• Task goal: Only the lines that contain the string "singletonD" belong in the answer; pull them from the records.

[Supplied data Boundary: Start]

lemma orbit_eq_of_mem_orbit:
  assumes "permutation f" "y \<in> orbit f x"
  shows "orbit f y = orbit f x"
proof
  show "orbit f y \<subseteq> orbit f x"
    using orbit_trans[OF _ assms(2)] by auto
  have "x \<in> orbit f y"
    using orbit_swap[OF permutation_self_in_orbit[OF assms(1)] assms(2)] .
  then show "orbit f x \<subseteq> orbit f y"
    using orbit_trans[of _ f x y] by auto
qed

lemma orbit_comp_transpose_fixed_point:
  assumes f: "permutation f" and fx: "f x = x" and xz: "x \<noteq> z"
  shows "orbit (f \<circ> transpose x z) x = insert x (orbit f z)"
proof -
  define g where "g = f \<circ> transpose x z"
  have x_notin: "x \<notin> orbit f z"
    using orbit_eq_of_mem_orbit[OF f] fx xz permutation_self_in_orbit[OF f, of z]
    by (metis orbit_eq_singleton_iff singletonD)
  have gx: "g x = f z" and gz: "g z = x" and gy: "y \<noteq> x \<Longrightarrow> y \<noteq> z \<Longrightarrow> g y = f y" for y
    by (simp_all add: g_def fx)
  have "y \<in> insert x (orbit f z)" if "y \<in> orbit g x" for y
    using that
  proof induction
    case base
    then show ?case by (simp add: gx orbit.base)
  next
    case (step y)
    then show ?case
      by (cases "y = x"; cases "y = z") (auto simp: gx gz gy orbit.base orbit.step)
  qed
  moreover have "y \<in> orbit g x" if "y \<in> orbit f z" for y
    using that
  proof induction
    case base
    then show ?case by (metis gx orbit.base)
  next
    case (step y)
    then show ?case
      using x_notin by (metis gx gy orbit.base orbit.step)
  qed
  moreover have "x \<in> orbit g x"
    unfolding g_def by (intro permutation_self_in_orbit permutation_compose f permutation_swap_id)
  ultimately show ?thesis
    unfolding g_def by blast
qed

lemma orbit_comp_transpose_other:
  assumes f: "permutation f" and fx: "f x = x" and y: "y \<notin> insert x (orbit f z)"
  shows "orbit (f \<circ> transpose x z) y = orbit f y"
proof (rule orbit_cong[OF permutation_self_in_orbit[OF f]])
  fix s
  assume "s \<in> orbit f y"
  then have "orbit f s = orbit f y"
    using orbit_eq_of_mem_orbit[OF f] by blast
  then have "s \<noteq> x" and "s \<noteq> z"
    using y fx permutation_self_in_orbit[OF f, of y]
    by (metis insertCI orbit_eq_singleton_iff singletonD)+
  then show "(f \<circ> transpose x z) s = f s"
    by simp
qed
lemma cube_index_zero_face:
  assumes "K \<in> cubes k" and "x \<in> K" and "x $ s = 0"
  shows "cube_index k K s = 1"
proof -
  have "real (cube_index k K s - 1) / k \<le> x $ s"
    using assms(2) cube_index(2)[OF assms(1)] unfolding cube_def by blast
  then have "real (cube_index k K s - 1) / k \<le> 0"
    using assms(3) by simp
  then have "cube_index k K s \<le> 1"
    using cube_index_pos[OF assms(1)] by (simp add: divide_le_0_iff)
  then show ?thesis
    using cube_index(1)[OF assms(1), of s] by simp
qed

lemma cube_index_one_face:
  assumes "K \<in> cubes k" and "x \<in> K" and "x $ s = 1"
  shows "cube_index k K s = k"
proof -
  have "x $ s \<le> real (cube_index k K s) / k"
    using assms(2) cube_index(2)[OF assms(1)] unfolding cube_def by blast
  then have "1 \<le> real (cube_index k K s) / k"
    using assms(3) by simp
  then have "k \<le> cube_index k K s"
    using cube_index_pos[OF assms(1)] by (simp add: le_divide_eq)
  then show ?thesis
    using cube_index(1)[OF assms(1), of s] by simp
qed

(*
  The colour of a cell (x, y, z) of the 3 x 3 x 3 grid is the pair (upper_cell, far_cell); in an
  upper cell an index 2 belongs to the upper half {2,3}, in a lower cell to the lower half {1,2}.
  Among the cells with coordinate sum 6 exactly the odd permutations of (1,2,3) are upper:
  otherwise the touching cells (3,2,1) and (2,3,1) would get the same colour but different halves.
*)
definition upper_cell :: "nat \<Rightarrow> nat \<Rightarrow> nat \<Rightarrow> bool" where
  "upper_cell x y z \<longleftrightarrow> 6 < x + y + z \<or> (x + y + z = 6 \<and> x mod 3 = Suc y mod 3)"

definition far_cell :: "nat \<Rightarrow> nat \<Rightarrow> nat \<Rightarrow> bool" where
  "far_cell x y z \<longleftrightarrow> (if upper_cell x y z then 1 \<in> {x, y, z} else 3 \<in> {x, y, z})"

definition upper_half :: "bool \<Rightarrow> nat \<Rightarrow> bool" where
  "upper_half u v \<longleftrightarrow> v = 3 \<or> (v = 2 \<and> u)"

lemma cell_upper_half_eq:
  fixes x y z x' y' z' :: nat
  assumes "{x, y, z, x', y', z'} \<subseteq> {1..3}"
    and "x \<le> Suc x'" "x' \<le> Suc x" "y \<le> Suc y'" "y' \<le> Suc y" "z \<le> Suc z'" "z' \<le> Suc z"
    and "upper_cell x y z = upper_cell x' y' z'" and "far_cell x y z = far_cell x' y' z'"
  shows "upper_half (upper_cell x y z) x = upper_half (upper_cell x' y' z') x'
    \<and> upper_half (upper_cell x y z) y = upper_half (upper_cell x' y' z') y'
    \<and> upper_half (upper_cell x y z) z = upper_half (upper_cell x' y' z') z'"
proof -
  have check: "\<forall>x\<in>set [1,2,3]. \<forall>y\<in>set [1,2,3]. \<forall>z\<in>set [1,2,3].
      \<forall>x'\<in>set [1,2,3]. \<forall>y'\<in>set [1,2,3]. \<forall>z'\<in>set [1,2,3::nat].
    x \<le> Suc x' \<and> x' \<le> Suc x \<and> y \<le> Suc y' \<and> y' \<le> Suc y \<and> z \<le> Suc z' \<and> z' \<le> Suc z \<and>
    upper_cell x y z = upper_cell x' y' z' \<and> far_cell x y z = far_cell x' y' z' \<longrightarrow>
    upper_half (upper_cell x y z) x = upper_half (upper_cell x' y' z') x'
    \<and> upper_half (upper_cell x y z) y = upper_half (upper_cell x' y' z') y'
    \<and> upper_half (upper_cell x y z) z = upper_half (upper_cell x' y' z') z'"
    by code_simp
  have mem: "x \<in> set [1,2,3]" "y \<in> set [1,2,3]" "z \<in> set [1,2,3]"
    "x' \<in> set [1,2,3]" "y' \<in> set [1,2,3]" "z' \<in> set [1,2,3]"
    using assms(1) by auto
  show ?thesis
    by (rule check[rule_format, OF mem]) (use assms in auto)
qed

definition gadget_upper :: "('n \<Rightarrow> nat) \<Rightarrow> ('n \<Rightarrow> nat) \<Rightarrow> bool" where
  "gadget_upper e i \<longleftrightarrow> upper_cell (i (inv e 0)) (i (inv e 1)) (i (inv e 2))"

definition gadget_far :: "('n \<Rightarrow> nat) \<Rightarrow> ('n \<Rightarrow> nat) \<Rightarrow> bool" where
  "gadget_far e i \<longleftrightarrow> far_cell (i (inv e 0)) (i (inv e 1)) (i (inv e 2))"

definition grid_label :: "('n::finite \<Rightarrow> nat) \<Rightarrow> ('n \<Rightarrow> nat) \<Rightarrow> nat \<Rightarrow> int" where
  "grid_label e i j =
    (if j = 0 then of_bool (gadget_upper e i)
     else if j = 1 then of_bool (gadget_far e i)
     else if j < CARD('n) - 1 then of_bool (2 \<le> i (inv e (Suc j)))
     else 0)"

definition grid_half :: "('n \<Rightarrow> nat) \<Rightarrow> ('n \<Rightarrow> nat) \<Rightarrow> 'n \<Rightarrow> bool" where
  "grid_half e i t \<longleftrightarrow> (if e t < 3 then upper_half (gadget_upper e i) (i t) else 2 \<le> i t)"

lemma grid_label_in_lattice_pts:
  "3 \<le> CARD('n::finite) \<Longrightarrow> grid_label (e :: 'n \<Rightarrow> nat) i \<in> lattice_pts (CARD('n) - 1)"
  by (auto simp: lattice_pts_def grid_label_def)

lemma linf_norm_grid_label_diff:
  "linf_norm d (\<lambda>s. grid_label e i s - grid_label e j s) \<le> 1"
proof (rule linf_norm_le)
  fix s
  have "grid_label e i s \<in> {0, 1}" "grid_label e j s \<in> {0, 1}"
    by (simp_all add: grid_label_def)
  then show "\<bar>grid_label e i s - grid_label e j s\<bar> \<le> 1"
    by auto
qed simp

lemma grid_half_one: "i t = 1 \<Longrightarrow> \<not> grid_half e i t"
  by (simp add: grid_half_def upper_half_def)

lemma grid_half_three: "i t = 3 \<Longrightarrow> grid_half e i t"
  by (simp add: grid_half_def upper_half_def)

lemma grid_half_eq_if_touching:
  fixes e :: "'n::finite \<Rightarrow> nat" and i j :: "'n \<Rightarrow> nat"
  assumes e: "bij_betw e UNIV {..<CARD('n)}"
    and range: "\<And>s. i s \<in> {1..3}" "\<And>s. j s \<in> {1..3}"
    and touching: "\<And>s. i s \<le> Suc (j s)" "\<And>s. j s \<le> Suc (i s)"
    and same_label: "grid_label e i = grid_label e j"
  shows "grid_half e i t = grid_half e j t"
proof (cases "e t < 3")
  case True
  have "gadget_upper e i = gadget_upper e j" "gadget_far e i = gadget_far e j"
    using fun_cong[OF same_label, of 0] fun_cong[OF same_label, of 1]
    by (simp_all add: grid_label_def of_bool_eq_iff)
  then have "upper_half (gadget_upper e i) (i (inv e q)) = upper_half (gadget_upper e j) (j (inv e q))"
    if "q \<in> {0, 1, 2}" for q
    using cell_upper_half_eq[of "i (inv e 0)" "i (inv e 1)" "i (inv e 2)"
        "j (inv e 0)" "j (inv e 1)" "j (inv e 2)"] range touching that unfolding gadget_upper_def gadget_far_def by auto
  moreover have "e t \<in> {0, 1, 2}"
    using True by auto
  ultimately have
    "upper_half (gadget_upper e i) (i (inv e (e t))) = upper_half (gadget_upper e j) (j (inv e (e t)))"
    by blast
  moreover have "inv e (e t) = t"
    using e by (simp add: bij_betw_def)
  ultimately show ?thesis
    using True by (simp add: grid_half_def)
next
  case False
  define l where "l = e t - 1"
  have "e t < CARD('n)" "inv e (e t) = t"
    using e by (auto simp: bij_betw_def)
  then have "l \<noteq> 0" "l \<noteq> 1" "l < CARD('n) - 1" "inv e (Suc l) = t"
    using False by (auto simp: l_def)
  moreover have "grid_label e i l = grid_label e j l"
    using same_label by simp
  ultimately have "(2 \<le> i t) = (2 \<le> j t)"
    by (simp add: grid_label_def of_bool_eq_iff)
  then show ?thesis
    using False by (simp add: grid_half_def)
qed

[Supplied data Boundary: End]

• Result below:
    by (metis orbit_eq_singleton_iff singletonD)
    by (metis insertCI orbit_eq_singleton_iff singletonD)+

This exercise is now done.